Афиши, шумные гастроли. Но, по иронии злой доли, Любимца зрительских сердец Ждал мученический венец.
Отвергнутый своей страной, Без денег, тяжелобольной, Он умер в тридцать восемь лет, Не пережив страданий, бед.
Германия о нем забыла, Швейцария похоронила. Привычный жизненный изгиб. Все, как всегда. Талант погиб.
Года промчались, пролетели. Но, след не замели метели. Вернули имя. Йозеф Шмидт Поет и голос вновь звучит.
Восторги и рукоплесканья. Любовь, поклоннники, признанье. Он к людям снова возвращен И от небытия спасен...
Йозефу Шмидту. Альфреда Бриклин (Израиль)
Украсился доской мемориальной На Нюрнбергской в Берлине старый дом. Мол, Йозеф Шмидт, певец феноменальный, В тридцатые жил беспечально в нем...
Взошел звездой в эпоху микрофона. Он знал, сверчок, свой радиошесток... Внимал Берлин коленопреклоненно - Герой-любовник ростом был с вершок,
Метр с кепкой, что для радио – не важно. А голос был прекрасен и велик. И Йозеф вдохновенно и куражно Поет, от масс народных пряча лик...
Взгляни на фотографию маэстро – И узнаванье тотчас бросит в дрожь: С прожившим и творившим так непресно Феноменальным Францем Кафкой схож,
С годами горько прошлое размыто В двадцать четвертом завершивший путь, Франц Кафка предсказал терзанья Шмидта В «Процессе»... К. И Шмидт – собратья суть.
С одним и тем же именем герои, Как отраженье в зеркале – судьба... Франц Кафка – третий... Воплотили трое В судьбе эпоху, горести терпя...
«Процесс» при жизни Кафки не был издан... Но можно нынче К. И Ш. сравнить: Певца, взнесенного твореньеч чистым, С героем книги повязала нить...
...В Нью-Йорке на Бей-парквей – скверик скромный.... Осилив неприятнейший бронхит, Я моционю по аллейке темной, На лавочку присел... На ней сидит
Наружности кавказской человечек... Покашливает... -- Видимо, и вас Нью-Йорк весной простудою калечит... -- Кивает... -- Оклемался лишь сейчас...

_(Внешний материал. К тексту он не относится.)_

lemma value_axioms_PD_eq_fair_proportion:
  assumes tree: "phylo_tree V r par n" and ax: "value_axioms n (PD_games V r par) \<psi>"
    and l: "\<forall>e \<in> tree_edges V r. l e \<ge> 0" and i: "i \<in> {1..n}"
  shows "\<psi> (PD V r par l) i = (\<Sum>e \<in> root_path V r par i. l e / real (n_desc V r par e))"
proof -
  have "finite V"
    using tree by (simp add: phylo_tree_def rooted_tree_def)
  then have "finite (tree_edges V r)"
    by (simp add: tree_edges_def)
  have "\<psi> (PD V r par l) i
      = (\<Sum>e\<in>tree_edges V r. if is_anc par e i then l e / real (n_desc V r par e) else 0)"
    unfolding value_axioms_PD_sum_single_edges[OF \<open>finite V\<close> ax l i]
    using l by (intro sum.cong refl value_axioms_PD_single_edge[OF tree ax _ _ i]) auto
  also have "\<dots> = (\<Sum>e \<in> root_path V r par i. l e / real (n_desc V r par e))"
    using \<open>finite (tree_edges V r)\<close> by (simp add: sum.inter_filter root_path_def)
  finally show ?thesis .
qed

theorem theorem7:
  fixes V :: "nat set" and r :: nat and par :: "nat \<Rightarrow> nat" and n :: nat
  assumes "phylo_tree V r par n"
  shows "(\<exists>\<psi>. value_axioms n (PD_games V r par) \<psi>)
    \<and> (\<forall>\<psi>. value_axioms n (PD_games V r par) \<psi> \<longrightarrow>
          (\<forall>\<nu>\<in>PD_games V r par. \<forall>i\<in>{1..n}. \<psi> \<nu> i = shapley n \<nu> i))
    \<and> value_axioms n (PD_games V r par) (shapley n)
    \<and> (\<forall>l. (\<forall>e \<in> tree_edges V r. l e \<ge> 0) \<longrightarrow> (\<forall>i\<in>{1..n}.
          shapley n (PD V r par l) i = (\<Sum>e \<in> root_path V r par i. l e / real (n_desc V r par e))))"
proof -
  have shapley: "value_axioms n (PD_games V r par) (shapley n)"
    by (rule shapley_value_axioms) (auto simp: PD_games_def)
  have unique: "\<psi> \<nu> i = shapley n \<nu> i"
    if "value_axioms n (PD_games V r par) \<psi>" "\<nu> \<in> PD_games V r par" "i \<in> {1..n}" for \<psi> \<nu> i
  proof -
    from \<open>\<nu> \<in> PD_games V r par\<close> obtain l where "\<forall>e\<in>tree_edges V r. l e \<ge> 0" "\<nu> = PD V r par l"
      by (auto simp: PD_games_def)
    with that shapley show ?thesis
      by (simp add: value_axioms_PD_eq_fair_proportion[OF assms])
  qed
  show ?thesis
    using shapley unique value_axioms_PD_eq_fair_proportion[OF assms shapley] by blast
qed

end
theorem lemma2p19:
  fixes A :: "('k::field_char_0, 'v::ab_group_add) fdga"
    and B :: "('k, 'w::ab_group_add) fdga"
    and f :: "'v \<Rightarrow> 'w"
    and r :: nat
  assumes "Er_cofibrant_fg A (int r)"
    and "Er_cofibrant_fg B (int r)"
    and "fdga_hom A B f"
  shows "(admits_r_splitting A B (int r) f
          \<longleftrightarrow> (\<forall>GA GB. AutE A B (int r) f GA GB \<longrightarrow>
                 (\<exists>FA FB. AutW A B f FA FB \<and> Er_induces A (int r) FA GA \<and> Er_induces B (int r) FB GB)))
       \<and> ((\<forall>GA GB. AutE A B (int r) f GA GB \<longrightarrow>
                 (\<exists>FA FB. AutW A B f FA FB \<and> Er_induces A (int r) FA GA \<and> Er_induces B (int r) FB GB))
          \<longleftrightarrow> (\<exists>\<alpha>::'k. \<alpha> \<noteq> 0 \<and> (\<forall>m::nat. 0 < m \<longrightarrow> \<alpha> ^ m \<noteq> 1) \<and>
                 (\<exists>FA FB. AutW A B f FA FB
                    \<and> Er_induces A (int r) FA (bigrading_aut A (int r) \<alpha>)
                    \<and> Er_induces B (int r) FB (bigrading_aut B (int r) \<alpha>))))"
proof -
  interpret pure_fdga_hom A B "int r" f
    using pure_fdga_if_Er_cofibrant_fg[OF assms(1)] pure_fdga_if_Er_cofibrant_fg[OF assms(2)] assms(3)
    by (simp add: pure_fdga_hom_def pure_fdga_hom_axioms_def)
  have "AutE A B (int r) f (bigrading_aut A (int r) 2) (bigrading_aut B (int r) 2)"
    by (rule AutE_bigrading_aut) simp
  moreover have "(2::'k) \<noteq> 0"
    by simp
  ultimately show ?thesis
    using splitting_lifts_Er_auts bigrading_lift_imp_admits_r_splitting two_not_root_of_unity
    by blast
qed

end
lemma sturm_comparison:
  assumes u: "is_solution n p u" and y: "is_solution n q y"
    and t12: "0 < t1" "t1 < t2" and zeros: "u t1 = 0" "u t2 = 0"
    and between: "\<forall>t\<in>{t1<..<t2}. 0 < u t \<and> p t < q t"
  shows "\<exists>t\<in>{t1..t2}. y t \<le> 0"
proof (rule ccontr)
  assume "\<not> ?thesis"
  then have ypos: "\<forall>t\<in>{t1..t2}. 0 < y t" by force
  obtain u' u'' where u_sol: "\<forall>t>0. (u has_real_derivative u' t) (at t) \<and> (u' has_real_derivative u'' t) (at t)
      \<and> u'' t + (real n - 1) / t * u' t + p t / t\<^sup>2 * u t = 0"
    using u unfolding is_solution_def by blast
  obtain y' y'' where y_sol: "\<forall>t>0. (y has_real_derivative y' t) (at t) \<and> (y' has_real_derivative y'' t) (at t)
      \<and> y'' t + (real n - 1) / t * y' t + q t / t\<^sup>2 * y t = 0"
    using y unfolding is_solution_def by blast
  define k where "k = real n - 1"
  define W where "W s = s powr k * (u s * y' s - y s * u' s)" for s
  define W' where "W' s = s powr k * (p s - q s) / s\<^sup>2 * u s * y s" for s
  have "(W has_real_derivative W' t) (at t)" if "t1 \<le> t" for t
    unfolding W_def[abs_def] W'_def
    using u_sol y_sol t12 that
    by (intro has_real_derivative_weighted_wronskian[where u'' = u'' and y'' = y'']) (auto simp: k_def)
  then obtain z where z: "t1 < z" "z < t2" and mvt: "W t2 - W t1 = (t2 - t1) * W' z"
    using MVT2[OF t12(2), of W W'] by blast
  have "0 < u z" "0 < y z" "p z < q z" "0 < z"
    using z t12 between ypos by auto
  then have "W' z < 0"
    unfolding W'_def by (simp add: mult_less_0_iff divide_less_0_iff)
  with t12 have "(t2 - t1) * W' z < 0" by (simp add: mult_pos_neg)
  with mvt have "W t2 < W t1" by linarith
  moreover have "0 < y t1" "0 < y t2" using ypos t12 by auto
  moreover have "0 \<le> u' t1"
    using u_sol t12 zeros between by (intro has_real_derivative_nonneg_if_min_on_right[of u _ t1 t2]) auto
  then have "W t1 \<le> 0"
    unfolding W_def using zeros \<open>0 < y t1\<close> by simp
  moreover have "u' t2 \<le> 0"
    using u_sol t12 zeros between by (intro has_real_derivative_nonpos_if_min_on_left[of u _ t2 t1]) auto
  then have "0 \<le> W t2"
    unfolding W_def using zeros \<open>0 < y t2\<close> by (simp add: mult_nonneg_nonpos)
  ultimately show False by linarith
qed

lemma is_solution_euler_power:
  assumes "r\<^sup>2 + (real n - 2) * r + c = 0"
  shows "is_solution n (\<lambda>_. c) (\<lambda>t. t powr r)"
  unfolding is_solution_def
proof (intro exI allI impI conjI)
  fix t :: real assume t: "0 < t"
  show "((\<lambda>t. t powr r) has_real_derivative r * t powr (r - 1)) (at t)"
    using t by (intro derivative_eq_intros) auto
  show "((\<lambda>t. r * t powr (r - 1)) has_real_derivative r * ((r - 1) * t powr (r - 2))) (at t)"
    using t by (intro derivative_eq_intros) (auto simp: diff_diff_eq)
  have "t powr (r - 1) = t powr r / t" "t powr (r - 2) = t powr r / t\<^sup>2"
    using t by (simp_all add: powr_diff)
  then have "r * ((r - 1) * t powr (r - 2)) + (real n - 1) / t * (r * t powr (r - 1)) + c / t\<^sup>2 * t powr r
      = t powr r / t\<^sup>2 * (r\<^sup>2 + (real n - 2) * r + c)"
    using t by (simp add: field_simps power2_eq_square)
  with assms show "r * ((r - 1) * t powr (r - 2)) + (real n - 1) / t * (r * t powr (r - 1)) + c / t\<^sup>2 * t powr r = 0"
    by simp
qed
lemma Fpi_dynamics:
  assumes "\<alpha> \<noteq> 0" and "\<Omega> = (\<beta>/(1-c))/\<alpha> + s^2/2"
  shows "line_invariant (Fpi \<alpha> \<beta> c h \<mu> s \<Omega>) (s/2) \<and>
    conserved_off_line (Fpi \<alpha> \<beta> c h \<mu> s \<Omega>) (Hpi \<alpha> \<beta> c h \<mu> s) (s/2) \<and>
    rescaled_hamiltonian (Fpi \<alpha> \<beta> c h \<mu> s \<Omega>) (Hpi \<alpha> \<beta> c h \<mu> s) (s/2) \<and>
    (\<Omega> < h + \<mu> + s^2/4 * (1 - \<alpha>^2) \<longrightarrow>
       filled_with_periodic_orbits (Fpi \<alpha> \<beta> c h \<mu> s \<Omega>) {z. snd z < s/2} \<and>
       filled_with_periodic_orbits (Fpi \<alpha> \<beta> c h \<mu> s \<Omega>) {z. snd z > s/2})"
proof -
  have "\<Omega> < h + \<mu> + s^2/4 * (1 - \<alpha>^2) \<longleftrightarrow> h - \<Omega> + \<mu> + s^2/4 * (1 - \<alpha>^2) > 0"
    by linarith
  then show ?thesis
    using riccati_field_dynamics[of "-1" "h - \<Omega> + \<mu> + s^2/4 * (1 - \<alpha>^2)" "Complex (\<alpha> * s / 2) (s / 2)"]
    unfolding Fpi_eq_riccati_field[OF assms] Hpi_eq_riccati_hamiltonian[OF assms(2)] by simp
qed

theorem proposition1:
  fixes \<alpha> \<beta> c h \<mu> s \<Omega> :: real
  assumes "\<alpha> > 0" and "\<beta> \<ge> 0" and "-1 < c" and "c < 1"
  shows
   "(\<Omega> = (\<beta>/(1+c))/\<alpha> - s^2/2 \<longrightarrow>
       line_invariant (F0 \<alpha> \<beta> c h \<mu> s \<Omega>) (-s/2) \<and>
       conserved_off_line (F0 \<alpha> \<beta> c h \<mu> s \<Omega>) (H0 \<alpha> \<beta> c h \<mu> s) (-s/2) \<and>
       rescaled_hamiltonian (F0 \<alpha> \<beta> c h \<mu> s \<Omega>) (H0 \<alpha> \<beta> c h \<mu> s) (-s/2) \<and>
       (\<Omega> > h - \<mu> + s^2/4  *  (\<alpha>^2 - 1) \<longrightarrow>
          filled_with_periodic_orbits (F0 \<alpha> \<beta> c h \<mu> s \<Omega>) {z. snd z < -s/2} \<and>
          filled_with_periodic_orbits (F0 \<alpha> \<beta> c h \<mu> s \<Omega>) {z. snd z > -s/2}))
  \<and> (\<Omega> = (\<beta>/(1-c))/\<alpha> + s^2/2 \<longrightarrow>
       line_invariant (Fpi \<alpha> \<beta> c h \<mu> s \<Omega>) (s/2) \<and>
       conserved_off_line (Fpi \<alpha> \<beta> c h \<mu> s \<Omega>) (Hpi \<alpha> \<beta> c h \<mu> s) (s/2) \<and>
       rescaled_hamiltonian (Fpi \<alpha> \<beta> c h \<mu> s \<Omega>) (Hpi \<alpha> \<beta> c h \<mu> s) (s/2) \<and>
       (\<Omega> < h + \<mu> + s^2/4  *  (1 - \<alpha>^2) \<longrightarrow>
          filled_with_periodic_orbits (Fpi \<alpha> \<beta> c h \<mu> s \<Omega>) {z. snd z < s/2} \<and>
          filled_with_periodic_orbits (Fpi \<alpha> \<beta> c h \<mu> s \<Omega>) {z. snd z > s/2}))"
proof -
  have "\<alpha> \<noteq> 0"
    using assms(1) by simp
  then show ?thesis
    using F0_dynamics Fpi_dynamics by blast
qed
theorem lemma13:
  "\<exists>(C::real) (k::nat). \<forall>n m. n \<ge> 1 \<longrightarrow> m \<ge> 1 \<longrightarrow> even m \<longrightarrow>
     (\<forall>j\<in>{1..m}. \<exists>A::qalg.
        (\<forall>x. valid_input n m x \<longrightarrow>
           queries_in (grid n m) A x \<and>
           real (nqueries A x) \<le> C * real (n + m) * (log 2 (real (n + m))) ^ k \<and>
           (run A x \<longleftrightarrow> good_col n m x j)))"
proof (intro exI[of _ "6::real"] exI[of _ "1::nat"] allI impI ballI)
  fix n m j :: nat
  assume n: "n \<ge> 1" and m: "m \<ge> 1" and "even m" and j: "j \<in> {1..m}"
  define L where "L = log 2 (real (n + m))"
  have "1 \<le> L" using n m by (simp add: L_def)
  moreover have "real (tdepth m) \<le> L" unfolding L_def using m by (intro tdepth_le_log) auto
  ultimately have "real (n + m) * (real (tdepth m) + 5) \<le> real (n + m) * (6 * L)"
    by (intro mult_left_mono) auto
  then have bound: "real ((n + m) * (tdepth m + 5)) \<le> 6 * real (n + m) * L ^ 1"
    by (simp add: algebra_simps)
  show "\<exists>A. \<forall>x. valid_input n m x \<longrightarrow> queries_in (grid n m) A x \<and>
      real (nqueries A x) \<le> 6 * real (n + m) * log 2 (real (n + m)) ^ 1 \<and> (run A x \<longleftrightarrow> good_col n m x j)"
  proof (intro exI[of _ "to_qalg (good_col_prog n m j)"] allI impI)
    fix x assume v: "valid_input n m x"
    have "real (qcost (good_col_prog n m j) x) \<le> real ((n + m) * (tdepth m + 5))"
      using good_col_prog_cost_within[OF v j] of_nat_mono by blast
    then show "queries_in (grid n m) (to_qalg (good_col_prog n m j)) x \<and>
        real (nqueries (to_qalg (good_col_prog n m j)) x) \<le> 6 * real (n + m) * log 2 (real (n + m)) ^ 1 \<and>
        (run (to_qalg (good_col_prog n m j)) x \<longleftrightarrow> good_col n m x j)"
      using good_col_prog_cost_within[OF v j] qrun_good_col_prog[OF v j] bound
      unfolding run_to_qalg nqueries_to_qalg queries_in_to_qalg L_def by linarith
  qed
qed

end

Хотите эффективное леченье? -- Конечно... – И досужий разговор Связался – о работе, увлеченье -- И вдруг внезапно в Черновцы завел...
-- Бакинский я... Певец-любитель... Тенор... Все партии из опер перепел... Но вот – бронхит – сиплю, как пьяный кенар... -- Все партии? - Не верите? Корпел,
Кассеты с ними, диски собирая... Прослушивая, вторя, заучил... В концертах пел... Отрада – выше рая... Бронхит замучил... Сколько ни лечил,
А кашель с хрипотой не отступают... -- Лечите теплым пивом с чесноком... -- Великие певцы не умирают, Их слушаю с восторгом... в горле ком...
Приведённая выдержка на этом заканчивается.